Thursday, September 4, 2014

Publisher: Hodder & Stoughton Ltd
Format: Paperback
Source: Bookbridgr
Rating: 3/5
Synopsis from Goodreads:

It's time to meet your new roomie. When East Coast native Elizabeth receives her freshman-year roommate assignment, she shoots off an e-mail to coordinate the basics: television, microwave, mini-fridge. That first note to San Franciscan Lauren sparks a series of e-mails that alters the landscape of each girl's summer -- and raises questions about how two girls who are so different will ever share a dorm room. As the countdown to college begins, life at home becomes increasingly complex. With family relationships and childhood friendships strained by change, it suddenly seems that the only people Elizabeth and Lauren can rely on are the complicated new boys in their lives . . . and each other. Even though they've never met. National Book Award finalist Sara Zarr and acclaimed author Tara Altebrando join forces for a novel about growing up, leaving home, and getting that one fateful e-mail that assigns your college roommate.
I wouldn't say I was completely wowed by Roomies but I liked it. More importantly, it is exactly the kind of book I would actually give to a 16/17 year old and at the end of the day, that's what it's all about, right?

Roomies addresses all the issues you can think of from making new friends to losing old friends, absent parents and ever-present parents, cheating, lying, sex, interracial dating, long distance dating, following your dreams and many more that escape me at this moment in time! All in all, there's quite a lot packed into this little book. For this reason, at times it felt like we were skipping some character development. However, the two main girls were nice enough. I get the feeling they were kept deliberately vague in terms of appearance and personality because the biggest market for this book would be young people getting ready for college and it's easier to put yourself in the equation if the characters aren't too complicated. 

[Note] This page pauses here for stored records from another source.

lemma mat_exp_laplace_resolvent:
  fixes A :: "real^'n^'n" and v :: "real^'n" and s :: real
  assumes "s > mat_l1_norm A"
  defines "Z \<equiv> \<chi> j. integral {0..} (\<lambda>t. (mat_exp (t *\<^sub>R A) *v v) $ j * exp (- s * t))"
  shows "s *s Z - A *v Z = v"
proof -
  define I where "I n = (\<chi> j. integral {0..real n} (\<lambda>t. (mat_exp (t *\<^sub>R A) *v v) $ j * exp (- s * t)))"
    for n :: nat
  have I_lim: "(\<lambda>n. I n $ j) \<longlonglongrightarrow> Z $ j" for j
    unfolding I_def Z_def vec_lambda_beta
    by (intro tendsto_integral_atLeastAtMost_real_of_nat absolutely_integrable_mat_exp_laplace assms
        continuous_intros continuous_on_mat_exp_mult_nth)
  define C where "C = real CARD('n) * (\<Sum>j\<in>UNIV. \<bar>v $ j\<bar>)"
  have decay: "(\<lambda>n. exp (- s * real n) * (mat_exp (real n *\<^sub>R A) *v v) $ i) \<longlonglongrightarrow> 0" for i
  proof (rule Lim_null_comparison)
    show "\<forall>\<^sub>F n in sequentially. norm (exp (- s * real n) * (mat_exp (real n *\<^sub>R A) *v v) $ i)
        \<le> C * exp (- (s - mat_l1_norm A)) ^ n"
      using abs_mat_exp_laplace_integrand_le[of "real n" A v i s for n]
      by (intro always_eventually) (simp add: C_def mult.commute flip: exp_of_nat_mult)
    show "(\<lambda>n. C * exp (- (s - mat_l1_norm A)) ^ n) \<longlonglongrightarrow> 0"
      using assms by (intro tendsto_mult_right_zero LIMSEQ_power_zero) simp
  qed
  have eq: "(A *v Z - s *s Z) $ i = - v $ i" for i
  proof (rule LIMSEQ_unique)
    show "(\<lambda>n. (A *v I n - s *s I n) $ i) \<longlonglongrightarrow> (A *v Z - s *s Z) $ i"
      unfolding matrix_vector_mult_def by (simp, intro tendsto_intros I_lim)
    show "(\<lambda>n. (A *v I n - s *s I n) $ i) \<longlonglongrightarrow> - v $ i"
      unfolding I_def mat_exp_laplace_partial[OF of_nat_0_le_iff]
      using tendsto_diff[OF decay[of i] tendsto_const[of "v $ i"]] by simp
  qed
  have "(s *s Z - A *v Z) $ i = v $ i" for i
    using eq[of i] by (simp; linarith)
  then show ?thesis by (simp add: vec_eq_iff)
qed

I liked the ups-and-downs of their virtual friendship and the assumptions they made about each other because of the way an email was written - in that way, it was very real. We've all been there wondering how exactly to take a certain phrase when seeing it in plain text. Bring back the landline! I thought Lauren's family got to go on more of a journey, so it would've been nice to have more scenes with Elizabeth and her mother - maybe peel back the layers on her mother a little more so we're not left with just a snapshot (and a rather unflattering one at that). I liked that both girls had rather different choices in major - Elizabeth with her agriculture and Lauren with her STEM choice. 

I've never been through the roommate process - except for my summer at Brown but that was short term and we didn't know each other beforehand. It's not very common to have a roommate at university in the UK. My university had old school style halls - long corridors with single bedrooms and a shared bathroom and kitchen at the end. Yeah, I don't miss that. However, some of the newer universities have modern accommodation with podl=-like rooms containing a sleeping area, desk area, and an en-suite (yes, fancy, I know). Anyway, whilst Roomies  made it seem fun to get to know your roommate, I'm kind of glad I didn't have to do it! 

Overall, Roomies is a nice read that I wouldn't hesitate to actually buy for a teenager. A perfect choice of gift for seniors on spring break, I would say!